Flying suits smelling (through very recent use) of JP-8 on the other hand, perhaps because you just parked your aircraft at Rockliffe and caught a cab for alast-minute meeting at NDHQ...now that is always an aviator's preferred mode of wearing the kit!  :nod:

Cheers
G2G


----------



## medic65726 (29 Aug 2010)

Eye In The Sky said:
			
		

> Really?  I find with the 1 piece I am always f**king with my gitch and t shirt.  I wear the 2 piece and only that.
> 
> Not sure where this thread started but...I did see the email about the 2 piece only concept but I thought that was kinda retarded...what about the ejection seat folks, they are restricted to 1 piece aren't they??


Tuck the t-shirt into the gitch. Problem solved. Although for proper flame retardant protection, should be wearing Nomex or natural fibre (cotton, wool or silk) long underwear (Not that I do during the summer, it is just too hot). Been wearing Civvie 1-piece Nomex flightsuits of similar cut to the CF ones for almost 10 years now and love them. Tried a shirt/pant option but the 1-peice is much more comfortable in hot weather as they are light and breathe. Two piece makes no sense to me as you get hot around the waist where the shirt/pants overlap and a belt, ughh.

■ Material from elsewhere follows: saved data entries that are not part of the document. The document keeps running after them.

(* Let $n\ge 2$ be an integer, $s=n^2$, $r=n(n-1)$, $m_1=\frac{(n-1)(n-2)}{2}$ and $m_2=\frac{n(n+1)}{2}$. Let $A\in\mathbb{R}^{s\times s}$ be the strictly lower triangular matrix of the optimal third-order method SSPERK$(n^2,3)$: for rows $1\le i\le m_2$, $a_{ij}=\frac1r$ for $j<i$; for rows $m_2<i\le n^2$, $a_{ij}=\frac1r$ for $j\le m_1$, $a_{ij}=\frac{1}{n(2n-1)}$ for $m_1<j\le m_2$, $a_{ij}=\frac1r$ for $m_2<j<i$; and $a_{ij}=0$ for $j\ge i$. Let $c=A\mathbf e$ and $\tilde b=\frac1{n^2}\mathbf e$. Then the explicit Runge--Kutta method $(A,\tilde b)$ has order two ($\tilde b^T\mathbf e=1$, $\tilde b^Tc=\frac12$), it is non-defective, i.e. it violates both third-order conditions: $\tilde b^Tc^2\neq\frac13$ and $\tilde b^T\big(\frac{c^2}{2}-Ac\big)\neq 0$, and its SSP coefficient is positive.
   Context: An explicit $s$-stage Runge--Kutta method with strictly lower triangular coefficient matrix $A$ and weight vector $b$ is denoted $(A,b)$; $\mathbf e=(1,\dots,1)^T$, $c=A\mathbf e$, and powers of vectors such as $c^2$ are taken componentwise. SSP coefficient: with $K=\begin{pmatrix}A&0\\ b^T&0\end{pmatrix}\in\mathbb{R}^{(s+1)\times(s+1)}$, the SSP coefficient of $(A,b)$ is $\mathcal C(A,b)=\sup\{r\ge 0:\ (I+rK)^{-1}\text{ exists},\ K(I+rK)^{-1}\ge 0,\ rK(I+rK)^{-1}\mathbf e\le \mathbf e\}$, inequalities taken componentwise. *)

theory Defs
  imports Complex_Main "HOL-Library.Extended_Real"
begin

text \<open>Matrices and vectors are represented as functions on natural-number indices,
  with 1-based indices; an s-stage method uses indices 1..s, and the SSP matrix K
  uses indices 1..s+1.\<close>

definition mat_mul :: "nat \<Rightarrow> (nat \<Rightarrow> nat \<Rightarrow> real) \<Rightarrow> (nat \<Rightarrow> nat \<Rightarrow> real) \<Rightarrow> nat \<Rightarrow> nat \<Rightarrow> real" where
  "mat_mul N X Y i j = (\<Sum>k = 1..N. X i k * Y k j)"

definition id_mat :: "nat \<Rightarrow> nat \<Rightarrow> real" where
  "id_mat i j = (if i = j then 1 else 0)"

definition rk_c :: "nat \<Rightarrow> (nat \<Rightarrow> nat \<Rightarrow> real) \<Rightarrow> nat \<Rightarrow> real" where
  "rk_c s A i = (\<Sum>j = 1..s. A i j)"

text \<open>K = [[A, 0], [b^T, 0]], of size (s+1) x (s+1)\<close>
definition ssp_K :: "nat \<Rightarrow> (nat \<Rightarrow> nat \<Rightarrow> real) \<Rightarrow> (nat \<Rightarrow> real) \<Rightarrow> nat \<Rightarrow> nat \<Rightarrow> real" where
  "ssp_K s A b i j = (if j \<le> s then (if i \<le> s then A i j else b j) else 0)"

definition ssp_admissible :: "nat \<Rightarrow> (nat \<Rightarrow> nat \<Rightarrow> real) \<Rightarrow> (nat \<Rightarrow> real) \<Rightarrow> real \<Rightarrow> bool" where
  "ssp_admissible s A b r \<longleftrightarrow> r \<ge> 0 \<and>
     (let N = s + 1; K = ssp_K s A b; P = (\<lambda>i j. id_mat i j + r * K i j) in
      (\<exists>M. (\<forall>i\<in>{1..N}. \<forall>j\<in>{1..N}. mat_mul N P M i j = id_mat i j \<and> mat_mul N M P i j = id_mat i j)
         \<and> (\<forall>i\<in>{1..N}. \<forall>j\<in>{1..N}. mat_mul N K M i j \<ge> 0)
         \<and> (\<forall>i\<in>{1..N}. r * (\<Sum>j = 1..N. mat_mul N K M i j) \<le> 1)))"

definition ssp_coeff :: "nat \<Rightarrow> (nat \<Rightarrow> nat \<Rightarrow> real) \<Rightarrow> (nat \<Rightarrow> real) \<Rightarrow> ereal" where
  "ssp_coeff s A b = Sup (ereal ` {r. ssp_admissible s A b r})"

definition ssperk_A :: "nat \<Rightarrow> nat \<Rightarrow> nat \<Rightarrow> real" where
  "ssperk_A n i j =
    (let r = real (n * (n - 1)); m1 = (n - 1) * (n - 2) div 2; m2 = n * (n + 1) div 2 in
     if j \<ge> i then 0
     else if i \<le> m2 then 1 / r
     else if j \<le> m1 then 1 / r
     else if j \<le> m2 then 1 / real (n * (2 * n - 1))
     else 1 / r)"

end

theory Submission
  imports Defs
begin

text \<open>The order conditions are checked by computing the abscissae explicitly: on the first m2 stages
  c_i = (i - 1)/r, and on the remaining p = n(n-1)/2 stages c = 1/2 + t/r for t = 0, ..., p - 1.
  Every sum in question thereby becomes a sum of quadratic polynomials over two index ranges; in
  particular b^T c^2 = 1/3 - (n^2 - n - 4)/(12 n^2 (n - 1)) and b^T (c^2/2 - A c) = 1/(4 n^2 (n - 1)),
  and n^2 - n - 4 has no integer root.

  For the SSP coefficient, K is strictly lower triangular with all subdiagonal entries in [a, 1],
  a = 1/(2 n^2). For 0 \<le> r \<le> a/(s + 1) the inverse of I + r K is given by forward substitution,
  and X = K (I + r K)^-1 satisfies X = K - r K X, so an induction over the rows keeps 0 \<le> X \<le> K.\<close>

definition strictly_lower :: "nat \<Rightarrow> (nat \<Rightarrow> nat \<Rightarrow> real) \<Rightarrow> bool" where
  "strictly_lower N L \<longleftrightarrow> (\<forall>i\<in>{1..N}. \<forall>j\<in>{1..N}. i \<le> j \<longrightarrow> L i j = 0)"

function fwd_subst_inv :: "(nat \<Rightarrow> nat \<Rightarrow> real) \<Rightarrow> nat \<Rightarrow> nat \<Rightarrow> real" where
  "fwd_subst_inv L i j = id_mat i j - (\<Sum>k\<in>{1..<i}. L i k * fwd_subst_inv L k j)"
  by auto
termination by (relation "measure (\<lambda>(L, i, j). i)") auto

function bwd_subst_inv :: "nat \<Rightarrow> (nat \<Rightarrow> nat \<Rightarrow> real) \<Rightarrow> nat \<Rightarrow> nat \<Rightarrow> real" where
  "bwd_subst_inv N L i j = id_mat i j - (\<Sum>k\<in>{j<..N}. bwd_subst_inv N L i k * L k j)"
  by auto
termination by (relation "measure (\<lambda>(N, L, i, j). N - j)") auto

declare fwd_subst_inv.simps [simp del] bwd_subst_inv.simps [simp del]

lemma mat_mul_assoc: "mat_mul N (mat_mul N X Y) Z i j = mat_mul N X (mat_mul N Y Z) i j"
  unfolding mat_mul_def
  by (simp add: sum_distrib_left sum_distrib_right mult.assoc) (rule sum.swap)

lemma sum_id_mat_left: "i \<in> {1..N} \<Longrightarrow> (\<Sum>k = 1..N. id_mat i k * f k) = f i"
  by (simp add: id_mat_def if_distrib[of "\<lambda>x. x * f _"] sum.delta cong: if_cong)

lemma sum_id_mat_right: "j \<in> {1..N} \<Longrightarrow> (\<Sum>k = 1..N. f k * id_mat k j) = f j"
  by (simp add: id_mat_def if_distrib[of "\<lambda>x. f _ * x"] sum.delta' cong: if_cong)

lemma strictly_lower_sum_left:
  "strictly_lower N L \<Longrightarrow> i \<in> {1..N} \<Longrightarrow> (\<Sum>k = 1..N. L i k * f k) = (\<Sum>k\<in>{1..<i}. L i k * f k)"
  by (rule sum.mono_neutral_right) (auto simp: strictly_lower_def)

lemma strictly_lower_sum_right:
  "strictly_lower N L \<Longrightarrow> j \<in> {1..N} \<Longrightarrow> (\<Sum>k = 1..N. f k * L k j) = (\<Sum>k\<in>{j<..N}. f k * L k j)"
  by (rule sum.mono_neutral_right) (auto simp: strictly_lower_def)

lemma mat_mul_fwd_subst_inv:
  assumes "strictly_lower N L" "i \<in> {1..N}"
  shows "mat_mul N (\<lambda>i j. id_mat i j + L i j) (fwd_subst_inv L) i j = id_mat i j"
proof -
  have "mat_mul N (\<lambda>i j. id_mat i j + L i j) (fwd_subst_inv L) i j
      = fwd_subst_inv L i j + (\<Sum>k\<in>{1..<i}. L i k * fwd_subst_inv L k j)"
    unfolding mat_mul_def distrib_right sum.distrib
      sum_id_mat_left[OF assms(2)] strictly_lower_sum_left[OF assms] ..
  also have "\<dots> = id_mat i j"
    by (simp add: fwd_subst_inv.simps[of L i j])
  finally show ?thesis .
qed

lemma mat_mul_bwd_subst_inv:
  assumes "strictly_lower N L" "j \<in> {1..N}"
  shows "mat_mul N (bwd_subst_inv N L) (\<lambda>i j. id_mat i j + L i j) i j = id_mat i j"
proof -
  have "mat_mul N (bwd_subst_inv N L) (\<lambda>i j. id_mat i j + L i j) i j
      = bwd_subst_inv N L i j + (\<Sum>k\<in>{j<..N}. bwd_subst_inv N L i k * L k j)"
    unfolding mat_mul_def distrib_left sum.distrib
      sum_id_mat_right[OF assms(2)] strictly_lower_sum_right[OF assms] ..
  also have "\<dots> = id_mat i j"
    by (simp add: bwd_subst_inv.simps[of N L i j])
  finally show ?thesis .
qed

lemma left_inverse_eq_right_inverse:
  assumes "\<forall>i\<in>{1..N}. \<forall>j\<in>{1..N}. mat_mul N X P i j = id_mat i j"
    and "\<forall>i\<in>{1..N}. \<forall>j\<in>{1..N}. mat_mul N P Y i j = id_mat i j"
    and i: "i \<in> {1..N}" and j: "j \<in> {1..N}"
  shows "X i j = Y i j"
proof -
  have "X i j = (\<Sum>k = 1..N. X i k * id_mat k j)"
    by (rule sum_id_mat_right[OF j, symmetric])
  also have "\<dots> = mat_mul N X (mat_mul N P Y) i j"
    unfolding mat_mul_def[of N X] using assms(2) j by (intro sum.cong) auto
  also have "\<dots> = mat_mul N (mat_mul N X P) Y i j"
    by (simp add: mat_mul_assoc)
  also have "\<dots> = (\<Sum>k = 1..N. id_mat i k * Y k j)"
    unfolding mat_mul_def[of N "mat_mul N X P"] using assms(1) i by (intro sum.cong) auto
  also have "\<dots> = Y i j"
    by (rule sum_id_mat_left[OF i])
  finally show ?thesis .
qed

lemma inverse_fwd_subst_inv:
  assumes "strictly_lower N L" "i \<in> {1..N}" "j \<in> {1..N}"
  shows "mat_mul N (\<lambda>i j. id_mat i j + L i j) (fwd_subst_inv L) i j = id_mat i j
    \<and> mat_mul N (fwd_subst_inv L) (\<lambda>i j. id_mat i j + L i j) i j = id_mat i j"
proof -
  let ?P = "\<lambda>i j. id_mat i j + L i j"
  have right: "\<forall>i\<in>{1..N}. \<forall>j\<in>{1..N}. mat_mul N ?P (fwd_subst_inv L) i j = id_mat i j"
    using mat_mul_fwd_subst_inv[OF assms(1)] by blast
  have left: "\<forall>i\<in>{1..N}. \<forall>j\<in>{1..N}. mat_mul N (bwd_subst_inv N L) ?P i j = id_mat i j"
    using mat_mul_bwd_subst_inv[OF assms(1)] by blast
  have "bwd_subst_inv N L i k = fwd_subst_inv L i k" if "k \<in> {1..N}" for k
    using left_inverse_eq_right_inverse[OF left right assms(2) that] .
  then have "mat_mul N (fwd_subst_inv L) ?P i j = mat_mul N (bwd_subst_inv N L) ?P i j"
    by (simp add: mat_mul_def)
  then show ?thesis
    using left right assms(2,3) by simp
qed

The 1-piece is much more comfortable for sitting in an aircraft all day in my opinion.
Agreed this is from a Civvie perspective, but I think it is just my 2-cents.


----------



## Good2Golf (29 Aug 2010)

If you're tac hel crew, in the field, having to dump...you appreciate the 2-piece.  You're hot anyway and drinking lots of water to stay hydrated, so you don't really notice the additional layer...and you're probably wearing a BV anyway where it's hot.  

Yes, CF ALSE (aircrew life support equipment) regulations require a natural or aramid fibre first layer underneath outer clothing, except by case-by-case operational exception.

Cheers
G2G


----------



## benny88 (8 Aug 2012)

I got an email today to go and get my new ACE gear the week of Aug 20-24. Some guys on my course are curious about it, and I know I've seen pictures but can't track any down at the moment. Does anyone have any pics?


----------



## dimsum (8 Aug 2012)

benny88 said:
			
		

> I got an email today to go and get my new ACE gear the week of Aug 20-24. Some guys on my course are curious about it, and I know I've seen pictures but can't track any down at the moment. Does anyone have any pics?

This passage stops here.